The water was getting cold.

I spent the day sorting out boxes in the kind of resigned melancholy that only people who’ve experienced a large scale move can understand. I was sure these boxes and the crap they contained had multiplied overnight. Once I’d established a pile in each room I set about cleaning windows. Silly, really, when so much hoovering and dusting needed to be done; when I got round to it all the stirred up muck would settle on the windows again, but I didn’t mind, it’s a part of housework I find almost soporific. Maybe it’s the rhythm of the task or the squeegee’s magic which, since childhood, I’ve regarded with a kind of awe. It took on a deeper significance now, though, as I went from room to room because I saw the garden differently each time. It wasn’t so much a fresh angle that intrigued me but the misting I caused on the glass with my cloth and polish through which the body of grass and brambles took on a novel complexion. Was it my imagination that suggested, beyond the pink scars of Windolene, a twisted frame of bone or was it simply shadows and greenery, coercing the thought? I’m famed for seeing shapes in clouds nobody else can discern; I oughtn’t become frantic about a suggestion of rippled gray that looks like a grid of ribs or a softly shaded globe punched with moments of black where eyes might once have been cradled.

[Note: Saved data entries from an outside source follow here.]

lemma computes_Pr1:
  "computes f 0 F \<Longrightarrow> computes g 2 H \<Longrightarrow> R [0] = F [] \<Longrightarrow>
   (\<And>x. R [Suc x] = H [x, R [x]]) \<Longrightarrow> computes (Pr f g) 1 R"
  using computes_Pr[of f 0 F g H R] by (simp add: numeral_2_eq_2)

lemma computes_Pr2:
  "computes f 1 F \<Longrightarrow> computes g 3 H \<Longrightarrow> (\<And>y. R [0, y] = F [y]) \<Longrightarrow>
   (\<And>x y. R [Suc x, y] = H [x, R [x, y], y]) \<Longrightarrow> computes (Pr f g) 2 R"
  using computes_Pr[of f 1 F g H R] by (auto simp: numeral_2_eq_2 numeral_3_eq_3 length_Suc_conv)

lemma eval_Mn_iff:
  assumes "computes g (Suc n) H" and "length xs = n"
  shows "eval (Mn g) xs y \<longleftrightarrow> H (y # xs) = 0 \<and> (\<forall>z<y. H (z # xs) \<noteq> 0)"
proof -
  have g: "eval g (z # xs) v \<longleftrightarrow> v = H (z # xs)" for z v
    using computes_eval_iff[OF assms(1)] assms(2) by simp
  have "(\<exists>v. eval g (z # xs) (Suc v)) \<longleftrightarrow> H (z # xs) \<noteq> 0" for z
    unfolding g by presburger
  then show ?thesis
    using g by (auto elim!: eval_MnE intro!: eval_Mn)
qed

lemma computes_Mn:
  assumes "computes g (Suc n) H" and "\<And>xs. length xs = n \<Longrightarrow> \<exists>y. H (y # xs) = 0"
  shows "computes (Mn g) n (\<lambda>xs. LEAST y. H (y # xs) = 0)"
  unfolding computes_def
proof (intro allI impI)
  fix xs :: "nat list"
  assume xs: "length xs = n"
  let ?y = "LEAST y. H (y # xs) = 0"
  have "H (?y # xs) = 0"
    using assms(2)[OF xs] by (rule LeastI_ex)
  moreover have "\<forall>z<?y. H (z # xs) \<noteq> 0"
    using not_less_Least by blast
  ultimately show "eval (Mn g) xs ?y"
    using eval_Mn_iff[OF assms(1) xs] by blast
qed

lemma computable2_unbounded_search:
  assumes "computes g 3 H"
  shows "computable2 (\<lambda>c x. if \<exists>z. H [z, c, x] = 0 then Some 0 else None)"
  unfolding computable2_def
proof (intro exI allI)
  fix c x y
  have Mn: "eval (Mn g) [c, x] z \<longleftrightarrow> H [z, c, x] = 0 \<and> (\<forall>z'<z. H [z', c, x] \<noteq> 0)" for z
    using eval_Mn_iff[of g 2 H "[c, x]"] assms by (simp add: numeral_3_eq_3)
  have "eval (Cn Z [Mn g]) [c, x] y \<longleftrightarrow> y = 0 \<and> (\<exists>z. eval (Mn g) [c, x] z)"
    by (auto elim!: eval_CnE eval_ZE simp: list_all2_Cons1 intro!: eval_Cn eval_Z)
  also have "\<dots> \<longleftrightarrow> y = 0 \<and> (\<exists>z. H [z, c, x] = 0)"
    unfolding Mn using exists_least_iff[of "\<lambda>z. H [z, c, x] = 0"] by simp
  finally show "eval (Cn Z [Mn g]) [c, x] y \<longleftrightarrow>
      (if \<exists>z. H [z, c, x] = 0 then Some 0 else None) = Some y"
    by auto
qed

My squeegee cut through the haze and made everything clear, including my foolishness. The grass was flattened in one area, the well it created pooling with shadows that were so bland and unambiguous I found myself straining to pinpoint the foundations of my unease in their shapes.

Harriet arrived shortly after a meager dinner of beans, crackers, and half a tube of Smarties. She helped me stack my paperbacks on shelves and suggested some colors for the bathroom; she’d be able to get the gear cheap as her father worked in one of the vast home improvement stores that were slowly surrounding the town. I kissed her, not expecting, or particularly wanting it to lead to anything—I was tired—but it did, and she led me out through the back door into the rasping garden.